Demand Side Management and Energy Efficiency
Electricity is used so widely because it can be used for transporting large amounts of energy at a high rate, and is easily converted into a number of common end uses such as mechanical movement, heat and light. However, at present, a major problem with electricity is that it cannot be stored economically. Thus, the generation of electricity has to be controlled and adjusted according to its end use rate. The power drawn by end users at a given time is known as the ‘demand’ on the system.

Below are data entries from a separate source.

definition splits_centers :: "real set \<Rightarrow> real \<Rightarrow> bool" where
  "splits_centers M \<theta> \<longleftrightarrow> {\<mu>\<in>M. \<mu> \<le> \<theta>} \<noteq> {} \<and> {\<mu>\<in>M. \<mu> > \<theta>} \<noteq> {}"

text \<open>imm c U M T: IMM (with any admissible tie-breaking), started at a node holding
  points U and centers M, can output the subtree T.\<close>
inductive imm :: "(real \<Rightarrow> real) \<Rightarrow> real set \<Rightarrow> real set \<Rightarrow> ttree \<Rightarrow> bool" where
  imm_leaf: "card M = 1 \<Longrightarrow> imm c U M TLeaf"
| imm_node: "\<lbrakk> card M \<noteq> 1; splits_centers M \<theta>;
              \<forall>\<theta>'. splits_centers M \<theta>' \<longrightarrow> mistakes c U M \<theta> \<le> mistakes c U M \<theta>';
              imm c {x\<in>U. x \<le> \<theta>} {\<mu>\<in>M. \<mu> \<le> \<theta>} Tl;
              imm c {x\<in>U. x > \<theta>} {\<mu>\<in>M. \<mu> > \<theta>} Tr \<rbrakk>
             \<Longrightarrow> imm c U M (TNode \<theta> Tl Tr)"

definition imm_tree :: "real set \<Rightarrow> nat \<Rightarrow> (nat \<Rightarrow> real set) \<Rightarrow> ttree \<Rightarrow> bool" where
  "imm_tree X k C T \<longleftrightarrow> imm (ref_center k C) X ((\<lambda>l. mean (C l)) ` {..<k}) T"

text \<open>Replace the i-th leaf (left-to-right, from 0) by a cut at \<theta> with two leaf children.\<close>
fun repl :: "ttree \<Rightarrow> nat \<Rightarrow> real \<Rightarrow> ttree" where
  "repl TLeaf i \<theta> = (if i = 0 then TNode \<theta> TLeaf TLeaf else TLeaf)"
| "repl (TNode t l r) i \<theta> =
     (if i < nleaves l then TNode t (repl l i \<theta>) r
      else TNode t l (repl r (i - nleaves l) \<theta>))"

definition sqdist_sum :: "real set \<Rightarrow> real \<Rightarrow> real" where
  "sqdist_sum A c = (\<Sum>x\<in>A. (x - c)^2)"
theorem fact7p4:
  fixes n m1 m2 :: nat
    and g :: "(nat \<Rightarrow> real) \<Rightarrow> (nat \<Rightarrow> real) \<Rightarrow> real"
    and C :: "(nat \<Rightarrow> nat \<Rightarrow> real) \<Rightarrow> (nat \<Rightarrow> nat \<Rightarrow> real) \<Rightarrow> real"
    and I :: "nat set"
  assumes g_pm1: "\<And>x y. x \<in> cube m1 \<Longrightarrow> y \<in> cube m2 \<Longrightarrow> g x y \<in> {-1, 1}"
    and g_hat0: "\<And>S T. S \<subseteq> {0..<m1} \<Longrightarrow> T \<subseteq> {0..<m2} \<Longrightarrow> S = {} \<or> T = {}
                   \<Longrightarrow> ghat m1 m2 g S T = 0"
    and C_bounded: "\<And>x y. x \<in> blocks n m1 \<Longrightarrow> y \<in> blocks n m2 \<Longrightarrow> C x y \<in> {-1..1}"
    and I_sub: "I \<subseteq> {0..<n}"
  shows "fiber_hat n m1 m2 g C I =
    (\<Sum>SS\<in>tuples_nonempty_on n m1 I. \<Sum>TT\<in>tuples_nonempty_on n m2 I.
        Chat n m1 m2 C SS TT * (\<Prod>i\<in>I. ghat m1 m2 g (SS i) (TT i)))"
proof -
  let ?B = "blocks n m1 \<times> blocks n m2"
  have "fiber_hat n m1 m2 g C I = avg ?B (\<lambda>(x, y). C x y * (\<Prod>i\<in>I. g (x i) (y i)))"
    using g_pm1 g_hat0 I_sub by (intro fiber_hat_eq_avg_prod_gadget) simp_all
  also have "\<dots> = avg ?B (\<lambda>p. \<Sum>SS\<in>tuples_nonempty_on n m1 I. \<Sum>TT\<in>tuples_nonempty_on n m2 I.
      (case p of (x, y) \<Rightarrow> C x y * (\<Prod>i<n. \<Prod>j\<in>SS i. x i j) * (\<Prod>i<n. \<Prod>j\<in>TT i. y i j))
      * (\<Prod>i\<in>I. ghat m1 m2 g (SS i) (TT i)))"
    by (intro avg_cong)
      (clarsimp simp: prod_gadget_fourier_expansion[OF g_hat0 _ _ I_sub] sum_distrib_left mult_ac)
  also have "\<dots> = (\<Sum>SS\<in>tuples_nonempty_on n m1 I. \<Sum>TT\<in>tuples_nonempty_on n m2 I.
        Chat n m1 m2 C SS TT * (\<Prod>i\<in>I. ghat m1 m2 g (SS i) (TT i)))"
    by (simp only: avg_sum avg_mult_right Chat_def)
  finally show ?thesis .
qed

end
lemma gamma_prime_power_mult:
  fixes p c r :: nat
  assumes p: "prime p" and c: "\<not> p dvd c" and r: "r \<ge> 1"
  shows "gamma (p ^ r * c) n = gamma_pp p r n * gamma c n"
proof -
  have nz: "p ^ r \<noteq> 0" "c \<noteq> 0" using p c by (auto simp: prime_gt_0_nat intro!: gr0I)
  have pf: "prime_factors (p ^ r * c) = insert p (prime_factors c)"
    using p r nz by (simp add: prime_factors_product prime_factorization_prime_power)
  have p_notin: "p \<notin> prime_factors c" using c by (auto simp: in_prime_factors_iff)
  have mult_p: "multiplicity p (p ^ r * c) = r"
    using p nz c
    by (simp add: prime_elem_multiplicity_mult_distrib multiplicity_same_power not_dvd_imp_multiplicity_0)
  have mult_q: "multiplicity q (p ^ r * c) = multiplicity q c" if "q \<in> prime_factors c" for q
  proof -
    have "prime q" "q \<noteq> p" using that p_notin by auto
    then show ?thesis
      using p nz by (simp add: prime_elem_multiplicity_mult_distrib prime_elem_multiplicity_power_distrib
          prime_multiplicity_other)
  qed
  show ?thesis
    unfolding gamma_def pf using p_notin by (simp add: mult_p mult_q cong: prod.cong)
qed

lemma gamma_pp_multiplicity_0:
  assumes "multiplicity p n = 0"
  shows "gamma_pp p r n = (if r = 1 then 1 else if p = 2 \<and> r = 2 then 2 else 0)"
  using assms unfolding gamma_pp_def by (auto elim!: oddE)

text \<open>Unlike in \<open>estar\<close>, terms are indexed by c itself; the term for c = 0 vanishes.\<close>

definition estar_term :: "nat \<Rightarrow> nat \<Rightarrow> nat \<Rightarrow> real" where
  "estar_term k n c = (real (gcd c (2 * k)))\<^sup>2 / (real c)\<^sup>2 * gamma c n"

lemma estar_term_0 [simp]: "estar_term k n 0 = 0"
  by (simp add: estar_term_def)
lemma subset_closed_segment_extreme_points:
  fixes S :: "'a::euclidean_space set"
  assumes "convex S" and "aff_dim S \<le> 1" and p: "p extreme_point_of S" and q: "q extreme_point_of S"
    and "p \<noteq> q"
  shows "S \<subseteq> closed_segment p q"
proof
  fix x assume "x \<in> S"
  have pq: "p \<in> S" "q \<in> S"
    using p q by (auto simp: extreme_point_of_def)
  have hulls: "affine hull {p, q} = affine hull S"
  proof (rule affine_dim_equal)
    show "affine hull {p, q} \<subseteq> affine hull S"
      using pq by (intro hull_mono) auto
    show "aff_dim (affine hull {p, q}) = aff_dim (affine hull S)"
      using assms(2,5) pq aff_dim_subset[of "{p, q}" S] by simp
  qed auto
  have "x \<in> affine hull {p, q}"
    unfolding hulls using \<open>x \<in> S\<close> by (rule hull_inc)
  then obtain u v where "u + v = 1" "x = u *\<^sub>R p + v *\<^sub>R q"
    unfolding affine_hull_2 by blast
  then have x: "x = (1 - v) *\<^sub>R p + v *\<^sub>R q"
    by (simp add: eq_diff_eq)
  have "\<not> 1 < v"
    using in_open_segment_if_beyond[OF \<open>p \<noteq> q\<close>] q \<open>x \<in> S\<close> pq x
    by (auto simp: extreme_point_of_def)
  moreover have "\<not> v < 0"
  proof
    assume "v < 0"
    have "x = (1 - (1 - v)) *\<^sub>R q + (1 - v) *\<^sub>R p"
      using x by (simp add: algebra_simps)
    then show False
      using in_open_segment_if_beyond[of q p "1 - v"] \<open>p \<noteq> q\<close> \<open>v < 0\<close> p \<open>x \<in> S\<close> pq
      by (auto simp: extreme_point_of_def)
  qed
  ultimately show "x \<in> closed_segment p q"
    unfolding x in_segment by (intro exI[of _ v]) auto
qed

lemma aff_dim_lt_DIM_if_empty_interior:
  fixes S :: "'a::euclidean_space set"
  assumes "convex S" and "interior S = {}"
  shows "aff_dim S < DIM('a)"
proof (cases "S = {}")
  case False
  then have "rel_interior S \<noteq> {}"
    using assms(1) rel_interior_eq_empty by blast
  then have "aff_dim S \<noteq> DIM('a)"
    using assms(2) interior_rel_interior_gen[of S] by auto
  then show ?thesis
    using aff_dim_le_DIM[of S] by linarith
qed simp

lemma closed_segment_subset_cball_midpoint:
  fixes p q :: "'a::real_normed_vector"
  shows "closed_segment p q \<subseteq> cball (midpoint p q) (dist p q / 2)"
  by (rule closed_segment_subset) (simp_all add: dist_midpoint)

lemma negligible_convex_hull_card_le_DIM:
  fixes F :: "'a::euclidean_space set"
  assumes "finite F" and "card F \<le> DIM('a)"
  shows "negligible (convex hull F)"
  using empty_interior_convex_hull[OF assms] by (simp add: negligible_convex_interior)

lemma subset_Union_full_simplices:
  fixes \<K> :: "'a::euclidean_space set set"
  assumes fin: "finite \<K>" and indep: "\<And>F. F \<in> \<K> \<Longrightarrow> \<not> affine_dependent F"
    and cover: "\<Union>((\<lambda>F. convex hull F) ` \<K>) = S" and "convex S" and "interior S \<noteq> {}"
  shows "S \<subseteq> \<Union>((\<lambda>F. convex hull F) ` {F\<in>\<K>. card F = DIM('a) + 1})"
    (is "_ \<subseteq> ?T")
proof -
  \<comment> \<open>The lower-dimensional simplices form a null set, so the closed union of the full ones
    contains the interior of \<open>S\<close>, hence its closure.\<close>
  define E where "E = \<Union>((\<lambda>F. convex hull F) ` {F\<in>\<K>. card F \<noteq> DIM('a) + 1})"
  have finite_simplex: "finite F" if "F \<in> \<K>" for F
    using indep[OF that] by (rule aff_independent_finite)
  have "negligible E"
    unfolding E_def
  proof (intro negligible_Union ballI)
    fix C assume "C \<in> (\<lambda>F. convex hull F) ` {F\<in>\<K>. card F \<noteq> DIM('a) + 1}"
    then obtain F where F: "F \<in> \<K>" "card F \<noteq> DIM('a) + 1" "C = convex hull F"
      by blast
    have "card F \<le> DIM('a)"
      using affine_dependent_biggerset[OF finite_simplex[OF F(1)]] indep[OF F(1)] F(2) by fastforce
    then show "negligible C"
      using negligible_convex_hull_card_le_DIM[OF finite_simplex[OF F(1)]] F(3) by simp
  qed (use fin in simp)
  have "closed ?T"
    using fin finite_simplex
    by (intro closed_Union) (auto intro!: compact_imp_closed finite_imp_compact_convex_hull)
  have "interior S - ?T \<subseteq> E"
  proof
    fix x assume x: "x \<in> interior S - ?T"
    then obtain F where "F \<in> \<K>" "x \<in> convex hull F"
      using cover interior_subset by blast
    then show "x \<in> E"
      using x unfolding E_def by blast
  qed
  then have "negligible (interior S - ?T)"
    using \<open>negligible E\<close> negligible_subset by blast
  moreover have "open (interior S - ?T)"
    using \<open>closed ?T\<close> by (intro open_Diff open_interior)
  ultimately have "interior S - ?T = {}"
    using open_not_negligible by blast
  then have "closure (interior S) \<subseteq> ?T"
    using \<open>closed ?T\<close> by (simp add: closure_minimal)
  moreover have "S \<subseteq> closure (interior S)"
    using convex_closure_interior[OF \<open>convex S\<close> \<open>interior S \<noteq> {}\<close>] closure_subset by blast
  ultimately show ?thesis
    by blast
qed

lemma fp_delaunay_faceD:
  assumes "fp_delaunay_triangulation X K" and "F \<in> K"
  shows "F \<noteq> {}" and "\<not> affine_dependent F" and "\<And>G. G \<noteq> {} \<Longrightarrow> G \<subseteq> F \<Longrightarrow> G \<in> K"
    and "\<And>v. v \<in> F \<Longrightarrow> v extreme_point_of (convex hull X)"
proof -
  have "F \<noteq> {} \<and> F \<subseteq> {x. x extreme_point_of (convex hull X)} \<and> \<not> affine_dependent F
      \<and> (\<forall>G. G \<noteq> {} \<and> G \<subseteq> F \<longrightarrow> G \<in> K)"
    using assms unfolding fp_delaunay_triangulation_def by (elim conjE) (erule bspec)
  then show "F \<noteq> {}" and "\<not> affine_dependent F" and "\<And>G. G \<noteq> {} \<Longrightarrow> G \<subseteq> F \<Longrightarrow> G \<in> K"
    and "\<And>v. v \<in> F \<Longrightarrow> v extreme_point_of (convex hull X)"
    by auto
qed

lemma fp_delaunay_face_subset:
  assumes "fp_delaunay_triangulation X K" and "F \<in> K"
  shows "F \<subseteq> X"
  using fp_delaunay_faceD(4)[OF assms] extreme_point_of_convex_hull by blast

lemma fp_delaunay_cover:
  assumes "fp_delaunay_triangulation X K"
  shows "\<Union>((\<lambda>F. convex hull F) ` K) = convex hull X"
  using assms unfolding fp_delaunay_triangulation_def by (elim conjE)

lemma fp_delaunay_triangle_circle:
  assumes "fp_delaunay_triangulation X K" and "F \<in> K" and "card F = 3"
  obtains c r where "F \<subseteq> sphere c r" and "X \<subseteq> cball c r"
proof -
  have "\<forall>F\<in>K. card F = 3 \<longrightarrow> (\<exists>c r. (\<forall>v\<in>F. dist c v = r) \<and> (\<forall>x\<in>X. dist c x \<le> r))"
    using assms(1) unfolding fp_delaunay_triangulation_def by (elim conjE)
  then show ?thesis
    using assms(2,3) that by (fastforce simp: subset_iff)
qed

lemma fp_delaunay_face_enclosing_circle:
  fixes X :: "(real^2) set"
  assumes fin: "finite X" and D: "fp_delaunay_triangulation X K" and y: "y \<in> convex hull X"
  obtains G c r where "G \<in> K" "y \<in> convex hull G" "G \<subseteq> sphere c r" "X \<subseteq> cball c r"
  | "{y} \<in> K" "y extreme_point_of (convex hull X)"
proof (cases "interior (convex hull X) = {}")
  case False
  have "finite K"
    using fin fp_delaunay_face_subset[OF D] by (meson PowI finite_Pow_iff finite_subset subsetI)
  then have "convex hull X \<subseteq> \<Union>((\<lambda>F. convex hull F) ` {F\<in>K. card F = 3})"
    using subset_Union_full_simplices[OF _ fp_delaunay_faceD(2)[OF D] fp_delaunay_cover[OF D]] False
    by simp
  then obtain G where "G \<in> K" "card G = 3" "y \<in> convex hull G"
    using y by blast
  then show ?thesis
    using fp_delaunay_triangle_circle[OF D] that(1) by metis
next
  case True
  obtain G where G: "G \<in> K" "y \<in> convex hull G"
    using y fp_delaunay_cover[OF D] by blast
  have "finite G"
    using fp_delaunay_faceD(2)[OF D G(1)] by (rule aff_independent_finite)
  then have "card G \<noteq> 0" "card G \<le> 3"
    using fp_delaunay_faceD(1,2)[OF D G(1)] affine_dependent_biggerset[of G] by force+
  then consider "card G = 1" | "card G = 2" | "card G = 3"
    by linarith
  then show ?thesis
  proof cases
    case 1
    then obtain p where "G = {p}"
      by (rule card_1_singletonE)
    then show ?thesis
      using G fp_delaunay_faceD(4)[OF D G(1)] that(2) by simp
  next
    case 2
    then obtain p q where pq: "G = {p, q}" "p \<noteq> q"
      by (auto simp: card_2_iff)
    then have ext: "p extreme_point_of (convex hull X)" "q extreme_point_of (convex hull X)"
      using fp_delaunay_faceD(4)[OF D G(1)] by auto
    have "aff_dim (convex hull X) \<le> 1"
      using aff_dim_lt_DIM_if_empty_interior[OF convex_convex_hull True] by simp
    then have "convex hull X \<subseteq> closed_segment p q"
      by (rule subset_closed_segment_extreme_points[OF convex_convex_hull _ ext pq(2)])
    then have "X \<subseteq> cball (midpoint p q) (dist p q / 2)"
      using hull_subset[of X convex] closed_segment_subset_cball_midpoint[of p q] by blast
    moreover have "G \<subseteq> sphere (midpoint p q) (dist p q / 2)"
      using pq(1) by (simp add: dist_midpoint)
    ultimately show ?thesis
      using G that(1) by blast
  next
    case 3
    then show ?thesis
      using G fp_delaunay_triangle_circle[OF D] that(1) by metis
  qed
qed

‘Demand’ refers to instantaneous requirement. As the name suggests, demand side management (DSM) involves controlling the demand created by the end users. What is the need of demand side management? The higher the demand, the higher is the amount of current required. The generation, transmission and distribution equipment have to be designed and sized according to the demand and this infrastructure has a maximum capacity which it can safely handle. An increase in demand thus puts strain on existing infrastructure, and new infrastructure may be needed to fulfill further increase in demand in the future. Setting up new infrastructure is a time consuming and extremely costly process. Also, due to the various types of power plants and differences in their behaviour, an optimal arrangement needs to be made to economically meet the demand as discussed in this post. During periods of high demand, the losses in the transmission and distribution lines are also high since the current is high and the losses are proportional to the square of the current. Thus, the demand is a crucial factor in determining the cost which the producers/transmission and distribution companies have to invest in both infrastructure and operations for meeting the end users’ requirements.
Energy conservation is also a factor. Higher demand essentially means higher power requirement, so a device operating at higher power requirement will consume more energy. Energy conservation has become increasingly important due to increased focus on environmental and resource considerations. So essentially, if a piece of equipment is operating for long periods at a high demand and if a DSM strategy reduces the demand level while maintaining the same output, then the energy saved = reduction in demand multiplied by hours of operation.
Demand side management strategies can be mainly divided into
behaviour change and equipment modification/replacement.
Influencing Behaviour Through Electricity Rates
Behaviour change involves changing the pattern of usage of
equipment so that the demand pattern gets modified. Strategies may include
actions such as shifting the usage of some equipment from one time of the day
to another, turning off inessential equipment during peak hours, use of locally
installed generating capacity to reduce drawl from the grid.
Utilities promote behaviour change by offering different types of rate options. Time of use/time of day rates are those in which electricity is priced differently at different times of the day. Prices can be several times higher during peak demand periods compared to non-peak periods. In some cases, based on other data such as weather/temperature conditions, the utility may specify critical demand periods and apply high charges to the electricity used in these periods.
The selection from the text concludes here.